[Opening DATA PROVIDED section]

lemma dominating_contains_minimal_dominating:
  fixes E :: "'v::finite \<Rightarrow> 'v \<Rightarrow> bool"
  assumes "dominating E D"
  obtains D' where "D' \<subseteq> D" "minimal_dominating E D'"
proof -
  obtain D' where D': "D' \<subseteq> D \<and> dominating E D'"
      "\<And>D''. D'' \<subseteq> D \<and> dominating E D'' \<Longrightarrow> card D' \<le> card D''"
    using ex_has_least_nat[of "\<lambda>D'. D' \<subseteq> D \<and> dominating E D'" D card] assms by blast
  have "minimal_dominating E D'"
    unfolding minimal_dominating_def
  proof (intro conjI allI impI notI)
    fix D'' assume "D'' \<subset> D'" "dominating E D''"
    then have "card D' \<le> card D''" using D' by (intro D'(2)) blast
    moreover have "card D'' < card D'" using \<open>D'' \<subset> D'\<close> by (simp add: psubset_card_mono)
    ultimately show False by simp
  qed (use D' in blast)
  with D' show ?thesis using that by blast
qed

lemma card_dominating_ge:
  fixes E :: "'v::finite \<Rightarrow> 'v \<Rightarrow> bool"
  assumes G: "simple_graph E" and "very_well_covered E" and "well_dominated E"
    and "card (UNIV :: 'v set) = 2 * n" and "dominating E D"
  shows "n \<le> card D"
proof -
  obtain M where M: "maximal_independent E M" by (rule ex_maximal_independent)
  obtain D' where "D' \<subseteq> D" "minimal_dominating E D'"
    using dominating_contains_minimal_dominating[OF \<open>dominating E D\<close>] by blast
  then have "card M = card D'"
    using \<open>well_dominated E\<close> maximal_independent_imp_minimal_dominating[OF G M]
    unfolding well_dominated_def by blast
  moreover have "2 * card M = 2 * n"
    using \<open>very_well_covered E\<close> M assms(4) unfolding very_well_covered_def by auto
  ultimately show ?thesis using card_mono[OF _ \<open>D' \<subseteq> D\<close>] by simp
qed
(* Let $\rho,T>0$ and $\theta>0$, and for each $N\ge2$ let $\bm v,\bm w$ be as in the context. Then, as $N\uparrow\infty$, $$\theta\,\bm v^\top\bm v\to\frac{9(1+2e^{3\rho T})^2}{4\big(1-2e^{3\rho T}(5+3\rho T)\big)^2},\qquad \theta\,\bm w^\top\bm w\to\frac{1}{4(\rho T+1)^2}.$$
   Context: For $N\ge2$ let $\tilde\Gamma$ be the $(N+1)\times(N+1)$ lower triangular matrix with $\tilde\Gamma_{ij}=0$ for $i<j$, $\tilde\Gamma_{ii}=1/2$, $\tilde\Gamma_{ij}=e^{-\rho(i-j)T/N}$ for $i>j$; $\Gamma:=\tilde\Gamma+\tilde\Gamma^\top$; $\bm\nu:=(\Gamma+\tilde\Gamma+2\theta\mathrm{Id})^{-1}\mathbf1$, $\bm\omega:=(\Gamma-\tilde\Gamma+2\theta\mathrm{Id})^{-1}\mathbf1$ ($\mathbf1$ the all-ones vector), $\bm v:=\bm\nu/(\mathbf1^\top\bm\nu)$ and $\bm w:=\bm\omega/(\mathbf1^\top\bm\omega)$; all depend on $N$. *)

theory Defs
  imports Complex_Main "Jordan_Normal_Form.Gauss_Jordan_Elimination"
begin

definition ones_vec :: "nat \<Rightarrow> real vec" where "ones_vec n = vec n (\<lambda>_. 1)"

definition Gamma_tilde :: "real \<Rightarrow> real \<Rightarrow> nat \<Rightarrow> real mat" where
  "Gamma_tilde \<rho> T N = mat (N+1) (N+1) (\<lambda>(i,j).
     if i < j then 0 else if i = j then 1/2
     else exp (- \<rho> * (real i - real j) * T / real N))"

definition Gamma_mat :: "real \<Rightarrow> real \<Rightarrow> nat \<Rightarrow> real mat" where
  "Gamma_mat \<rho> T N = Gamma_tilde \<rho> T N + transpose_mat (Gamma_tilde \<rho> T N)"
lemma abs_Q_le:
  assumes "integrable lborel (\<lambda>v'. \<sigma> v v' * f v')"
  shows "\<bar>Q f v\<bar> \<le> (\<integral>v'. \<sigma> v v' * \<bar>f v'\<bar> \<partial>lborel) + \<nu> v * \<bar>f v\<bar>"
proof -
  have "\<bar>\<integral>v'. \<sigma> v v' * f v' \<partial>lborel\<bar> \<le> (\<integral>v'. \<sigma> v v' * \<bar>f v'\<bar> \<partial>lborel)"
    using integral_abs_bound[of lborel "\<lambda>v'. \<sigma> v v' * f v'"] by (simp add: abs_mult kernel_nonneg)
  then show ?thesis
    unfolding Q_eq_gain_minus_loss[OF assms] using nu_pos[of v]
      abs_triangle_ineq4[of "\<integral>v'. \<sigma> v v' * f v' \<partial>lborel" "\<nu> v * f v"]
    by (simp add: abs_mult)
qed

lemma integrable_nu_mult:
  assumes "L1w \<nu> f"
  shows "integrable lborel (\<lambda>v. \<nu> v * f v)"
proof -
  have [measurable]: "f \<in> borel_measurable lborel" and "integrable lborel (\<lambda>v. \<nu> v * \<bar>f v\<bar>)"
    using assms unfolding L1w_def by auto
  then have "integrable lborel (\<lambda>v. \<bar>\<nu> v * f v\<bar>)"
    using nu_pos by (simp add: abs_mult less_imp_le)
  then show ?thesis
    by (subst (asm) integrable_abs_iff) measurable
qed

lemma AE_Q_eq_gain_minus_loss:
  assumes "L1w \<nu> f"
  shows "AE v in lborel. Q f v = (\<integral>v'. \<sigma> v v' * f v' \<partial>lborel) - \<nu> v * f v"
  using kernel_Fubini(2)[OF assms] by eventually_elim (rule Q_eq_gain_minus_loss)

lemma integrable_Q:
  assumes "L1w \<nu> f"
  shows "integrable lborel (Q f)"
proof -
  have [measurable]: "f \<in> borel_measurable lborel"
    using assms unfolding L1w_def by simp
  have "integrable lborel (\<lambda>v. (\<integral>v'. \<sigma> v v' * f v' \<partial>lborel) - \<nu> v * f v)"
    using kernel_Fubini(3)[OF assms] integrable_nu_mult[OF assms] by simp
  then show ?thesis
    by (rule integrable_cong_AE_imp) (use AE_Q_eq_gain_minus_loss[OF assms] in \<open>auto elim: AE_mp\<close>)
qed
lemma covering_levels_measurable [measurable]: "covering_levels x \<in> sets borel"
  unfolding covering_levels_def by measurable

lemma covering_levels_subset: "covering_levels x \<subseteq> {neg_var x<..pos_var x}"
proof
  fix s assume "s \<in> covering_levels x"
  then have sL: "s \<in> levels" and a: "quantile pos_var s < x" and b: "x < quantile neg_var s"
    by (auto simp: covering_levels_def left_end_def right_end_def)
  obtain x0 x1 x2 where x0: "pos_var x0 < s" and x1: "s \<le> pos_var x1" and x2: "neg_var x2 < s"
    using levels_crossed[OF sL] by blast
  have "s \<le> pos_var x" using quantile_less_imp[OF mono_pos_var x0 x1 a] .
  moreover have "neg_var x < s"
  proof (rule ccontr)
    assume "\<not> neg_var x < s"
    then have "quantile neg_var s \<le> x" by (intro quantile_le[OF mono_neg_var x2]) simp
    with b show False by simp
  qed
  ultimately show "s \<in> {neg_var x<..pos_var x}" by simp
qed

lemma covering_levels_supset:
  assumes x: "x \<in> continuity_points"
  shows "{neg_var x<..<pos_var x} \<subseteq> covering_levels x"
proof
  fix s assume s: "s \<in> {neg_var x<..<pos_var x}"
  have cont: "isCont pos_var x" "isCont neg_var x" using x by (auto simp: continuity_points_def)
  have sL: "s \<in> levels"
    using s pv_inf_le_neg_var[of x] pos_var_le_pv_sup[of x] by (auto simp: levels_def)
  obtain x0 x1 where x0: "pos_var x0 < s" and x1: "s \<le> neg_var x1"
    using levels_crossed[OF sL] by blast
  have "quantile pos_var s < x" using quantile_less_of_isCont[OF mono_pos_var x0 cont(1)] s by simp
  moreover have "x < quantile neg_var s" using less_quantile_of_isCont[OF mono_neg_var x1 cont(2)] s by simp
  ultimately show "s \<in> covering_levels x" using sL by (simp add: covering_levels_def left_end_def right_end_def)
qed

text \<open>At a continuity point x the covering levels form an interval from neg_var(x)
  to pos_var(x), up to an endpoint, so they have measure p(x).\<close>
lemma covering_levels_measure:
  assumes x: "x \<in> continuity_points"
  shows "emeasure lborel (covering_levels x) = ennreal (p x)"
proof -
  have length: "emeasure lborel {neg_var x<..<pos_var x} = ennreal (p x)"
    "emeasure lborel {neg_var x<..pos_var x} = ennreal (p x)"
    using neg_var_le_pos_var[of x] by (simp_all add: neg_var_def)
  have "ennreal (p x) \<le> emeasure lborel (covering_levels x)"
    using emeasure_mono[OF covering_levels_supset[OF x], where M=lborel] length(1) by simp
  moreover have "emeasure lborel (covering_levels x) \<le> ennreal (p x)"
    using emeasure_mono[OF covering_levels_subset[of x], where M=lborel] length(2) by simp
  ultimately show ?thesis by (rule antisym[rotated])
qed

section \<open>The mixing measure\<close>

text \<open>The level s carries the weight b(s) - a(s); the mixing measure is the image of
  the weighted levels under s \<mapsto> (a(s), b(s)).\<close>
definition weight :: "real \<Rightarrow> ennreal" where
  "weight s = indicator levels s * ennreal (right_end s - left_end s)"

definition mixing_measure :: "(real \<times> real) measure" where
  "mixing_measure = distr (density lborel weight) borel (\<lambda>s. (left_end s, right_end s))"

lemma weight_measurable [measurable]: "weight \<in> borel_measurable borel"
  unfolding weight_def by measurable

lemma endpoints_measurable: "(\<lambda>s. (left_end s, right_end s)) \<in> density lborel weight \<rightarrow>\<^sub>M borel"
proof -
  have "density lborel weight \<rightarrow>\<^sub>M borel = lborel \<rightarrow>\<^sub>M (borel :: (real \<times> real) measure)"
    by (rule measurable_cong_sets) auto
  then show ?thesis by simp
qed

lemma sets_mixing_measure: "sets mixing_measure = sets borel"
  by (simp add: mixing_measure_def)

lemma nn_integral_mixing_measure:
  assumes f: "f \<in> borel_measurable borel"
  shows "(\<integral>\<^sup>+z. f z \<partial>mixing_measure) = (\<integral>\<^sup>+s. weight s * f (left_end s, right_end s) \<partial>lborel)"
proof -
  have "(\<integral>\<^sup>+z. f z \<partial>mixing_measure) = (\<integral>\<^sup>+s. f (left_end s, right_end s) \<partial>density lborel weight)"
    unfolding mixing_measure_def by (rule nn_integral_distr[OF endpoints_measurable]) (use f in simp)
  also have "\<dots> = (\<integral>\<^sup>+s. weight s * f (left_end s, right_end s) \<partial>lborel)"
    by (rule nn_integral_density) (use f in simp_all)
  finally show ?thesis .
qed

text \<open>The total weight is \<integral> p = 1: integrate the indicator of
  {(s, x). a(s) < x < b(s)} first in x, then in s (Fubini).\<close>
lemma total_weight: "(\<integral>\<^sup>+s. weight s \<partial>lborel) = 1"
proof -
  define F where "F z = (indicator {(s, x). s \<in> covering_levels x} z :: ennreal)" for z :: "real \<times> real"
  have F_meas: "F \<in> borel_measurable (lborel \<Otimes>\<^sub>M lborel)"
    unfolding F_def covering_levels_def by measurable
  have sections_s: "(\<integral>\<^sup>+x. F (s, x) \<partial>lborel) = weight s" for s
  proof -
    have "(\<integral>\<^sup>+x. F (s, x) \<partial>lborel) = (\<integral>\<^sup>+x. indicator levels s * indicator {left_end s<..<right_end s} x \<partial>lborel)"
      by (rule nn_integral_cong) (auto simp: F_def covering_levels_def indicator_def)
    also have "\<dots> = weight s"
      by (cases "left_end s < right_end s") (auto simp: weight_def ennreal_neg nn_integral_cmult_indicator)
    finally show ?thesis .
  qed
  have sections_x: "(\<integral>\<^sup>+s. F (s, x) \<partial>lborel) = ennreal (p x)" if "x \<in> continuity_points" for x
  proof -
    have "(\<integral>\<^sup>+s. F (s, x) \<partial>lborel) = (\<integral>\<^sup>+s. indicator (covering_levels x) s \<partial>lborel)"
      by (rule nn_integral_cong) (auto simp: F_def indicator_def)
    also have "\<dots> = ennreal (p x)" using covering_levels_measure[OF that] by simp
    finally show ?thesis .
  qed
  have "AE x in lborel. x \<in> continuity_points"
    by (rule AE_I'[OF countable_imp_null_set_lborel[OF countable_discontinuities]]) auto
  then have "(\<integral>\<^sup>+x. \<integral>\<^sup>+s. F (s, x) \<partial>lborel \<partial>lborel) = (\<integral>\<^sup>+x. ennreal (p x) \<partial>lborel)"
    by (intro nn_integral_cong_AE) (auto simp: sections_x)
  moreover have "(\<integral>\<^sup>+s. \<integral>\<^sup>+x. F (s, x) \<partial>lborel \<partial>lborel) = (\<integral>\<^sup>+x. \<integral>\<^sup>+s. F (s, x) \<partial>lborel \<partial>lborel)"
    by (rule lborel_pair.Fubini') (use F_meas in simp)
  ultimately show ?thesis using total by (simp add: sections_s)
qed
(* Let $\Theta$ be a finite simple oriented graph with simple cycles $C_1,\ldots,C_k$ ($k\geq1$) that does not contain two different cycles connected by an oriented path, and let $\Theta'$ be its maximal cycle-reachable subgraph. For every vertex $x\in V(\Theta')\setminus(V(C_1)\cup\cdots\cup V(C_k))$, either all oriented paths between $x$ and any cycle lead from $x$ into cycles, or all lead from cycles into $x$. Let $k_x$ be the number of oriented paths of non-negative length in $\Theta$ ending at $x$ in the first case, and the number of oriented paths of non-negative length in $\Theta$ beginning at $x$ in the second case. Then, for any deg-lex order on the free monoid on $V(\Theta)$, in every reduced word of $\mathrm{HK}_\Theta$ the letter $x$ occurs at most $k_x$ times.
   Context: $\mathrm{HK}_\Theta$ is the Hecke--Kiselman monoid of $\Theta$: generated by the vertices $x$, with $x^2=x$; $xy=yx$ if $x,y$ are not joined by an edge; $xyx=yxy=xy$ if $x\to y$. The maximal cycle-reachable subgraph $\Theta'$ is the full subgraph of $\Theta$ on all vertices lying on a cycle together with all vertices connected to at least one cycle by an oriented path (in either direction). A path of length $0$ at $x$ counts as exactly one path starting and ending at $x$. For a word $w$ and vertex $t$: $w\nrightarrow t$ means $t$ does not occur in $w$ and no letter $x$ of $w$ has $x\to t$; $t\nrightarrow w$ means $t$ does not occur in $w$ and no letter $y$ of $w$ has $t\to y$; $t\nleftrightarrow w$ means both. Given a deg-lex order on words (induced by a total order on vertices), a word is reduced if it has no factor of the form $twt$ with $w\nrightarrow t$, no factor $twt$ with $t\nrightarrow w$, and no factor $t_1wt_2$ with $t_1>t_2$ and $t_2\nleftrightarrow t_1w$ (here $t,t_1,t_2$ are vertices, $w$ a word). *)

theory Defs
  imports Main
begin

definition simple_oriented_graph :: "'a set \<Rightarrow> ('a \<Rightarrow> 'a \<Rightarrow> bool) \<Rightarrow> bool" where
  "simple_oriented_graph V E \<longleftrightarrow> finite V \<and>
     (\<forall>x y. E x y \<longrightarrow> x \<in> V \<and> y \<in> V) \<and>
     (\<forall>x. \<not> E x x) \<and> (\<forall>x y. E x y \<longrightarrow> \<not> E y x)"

[Closing DATA PROVIDED section]

### [INSTRUCTIONS FOR THE TASK]
In the records above, some lines may contain the word "moreover"; copy every one of them.

### [ANSWER]
    moreover have "card D'' < card D'" using \<open>D'' \<subset> D'\<close> by (simp add: psubset_card_mono)
  moreover have "2 * card M = 2 * n"
  moreover have "neg_var x < s"
  moreover have "x < quantile neg_var s" using less_quantile_of_isCont[OF mono_neg_var x1 cont(2)] s by simp
  moreover have "emeasure lborel (covering_levels x) \<le> ennreal (p x)"
  moreover have "(\<integral>\<^sup>+s. \<integral>\<^sup>+x. F (s, x) \<partial>lborel \<partial>lborel) = (\<integral>\<^sup>+x. \<integral>\<^sup>+s. F (s, x) \<partial>lborel \<partial>lborel)"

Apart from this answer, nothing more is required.